Monday, April 28, 2014

The Day of Bread and Ruins

We woke up a bit earlier than normal on Sunday to Mery's special bread and omlet breakfast--eggs filled with hot dogs and scallions. By 8:30, a bus pulled up outside our house to pick us up! Our new guide, Olmer was very enthusiastic on our bus ride to the southern region of Cusco to see Pikillacta and Tipon.

On the way, we made a pit stop at Huancarpay, an area containing a small town, a valley, and a lake. In Pre-Incan times, the small lake used to stretch across the entire valley, but today it is condensed to a small laguna that is is now considered a conservation. After taking a few photos, we hopped back into the bus to travel to Pikillacta! At Pikillacta, we saw an abundance of Pre-Incan architecture, mostly consisting of sections of walls. We also saw parts of a cemetary and a large enterway. Olmer told us that this place was most likely created by the Huwari group before the Incas or the Huarpas before them--although no one knows for sure. Unfortunately, the locals of the area have destroyed many parts of Pikillacta and only 5 percent of the total settlement can be seen today. We also learned a bit about the environment in Pikillacta. For example, it contains 35 species of humming birds and contains Maguay plants which are used to make paper. Olmer also pointed out the mountainous area nearby this area from which plaster is extracted. He also mentioned that the main problem in these mountains is the lack of water. It is very likely that within ten years, no water will be left in the areas near Pikillacta. It was sad to see how destroyed the ruins were and further, to learn about all of the environmental issues in this area. 

The view at Huacaray:

The entryway at Pikillacta:

Pikillacta Ruins:

Cemetary at Pikillacta:

After Pikillacta, we boarded the bus to Tipon. On the way, we made a pit stop at a bakery to buy break specially made in Cusco called Chuta. The bread not only smelled amazing, but had an elegant appearance as well, with different shapes imprinted in the center of he large round pieces.

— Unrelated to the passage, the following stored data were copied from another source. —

lemma base_point_units: "j < N \<Longrightarrow> base_point j \<in> F_units"
  and base_point_separated: "j < N \<Longrightarrow> k < N \<Longrightarrow> (j, b) \<noteq> (k, b') \<Longrightarrow>
      F_minus (signed b (base_point j)) (signed b' (base_point k)) \<in> F_units"
proof -
  from someI_ex[OF exists_separated_units[OF large_components], folded base_point_def]
  have "\<forall>j<N. base_point j \<in> F_units"
    and "\<forall>j<N. \<forall>k<N. \<forall>b b'. (j, b) \<noteq> (k, b') \<longrightarrow>
      F_minus (signed b (base_point j)) (signed b' (base_point k)) \<in> F_units"
    by simp_all
  then show "j < N \<Longrightarrow> base_point j \<in> F_units"
    and "j < N \<Longrightarrow> k < N \<Longrightarrow> (j, b) \<noteq> (k, b') \<Longrightarrow>
      F_minus (signed b (base_point j)) (signed b' (base_point k)) \<in> F_units"
    by simp_all
qed

definition label :: "int \<times> bool \<Rightarrow> nat \<Rightarrow> 'a" where
  "label u = signed (snd u) (base_point (rank (fst u)))"

lemma rank_less_N: "g \<in> {0..<40} \<Longrightarrow> rank g < N"
  using rank_less_card class_size order_less_le_trans by blast

lemma label_units: "fst u \<in> {0..<40} \<Longrightarrow> label u \<in> F_units"
  unfolding label_def by (intro signed_units base_point_units rank_less_N)

lemma label_F: "fst u \<in> {0..<40} \<Longrightarrow> label u \<in> F"
  using label_units F_units_F by blast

We were also able to see the large oven in wich bread is baked almost every morning. Before departing, our group bought some bread to give to our host families, and we also bought a bag of smaller pieces of break called mollete to snack on in the bus.

Chuta Bread:

The Bread Oven:

Just a few more zig-zags up the mountain side and our bus arrived at Tipon. Tipon literally means spring, since it contains a natural spring that is harnessed by a series of acueducts. The acueduct technology was quite advanced and the ruins show signs that it was part of the Incan Empire, as part of the Incan Trail is connected to it. Since Tipon is hidden up the mountains and cannot be viewed from, there are theories that is was built as a palace for the Incan King  to hide from enemies. Before the Incas, this site was most likely used by the Killky society, and Olmer surmises that during the Conquest of Peru, the Spanish most likely never arrived here. We walked around Tipon for a while, admiring the terraces and acueducts before returning to the bus for lunch. Our guide and driver provided us with a fressh box of meat and cheese empanadas, a delicacy that we were finally able to try for the first time. We also ate dellicious mandarins, cookies, and peace juice.

A view of Tipon:

The waterfalld and  acueducts at Tipon:


After Tipon, we returned to the city of Cusco and headed to the San Pedro Market. Here, there are various clothing and souvenir shops, as well as a large area dedicated to produce, meats and other food. We were amazed to see three aisle of freshly made fruit joice, aisles with giant boar heads, and an aisle dedicated solely to chocolate (which tastes amazing, by the way). While our group roamed the market and spent time in a café, Dr. Shaw attended a Ballet, where she watched various interesting performances of different types of dance. 

San Pedro Market:

Photos from the Ballet:

Closer to dinner time, some of the group went to the Chocolate Museum near the Plaza de Armas in Cusco, while others relaxed in a small plaza nearby. Finally, we all reunited to eat dinner at an elegante restaurant called Incanto. The food here was delicious, including the bread appetizer and everyone was very satisfied. To conclude the night, we returned to our homestay where we made thank you cards for Mary and the Vera Family, ate some cake, and retired to our rooms to repack our bags for the next morning for a new adventure. Puno!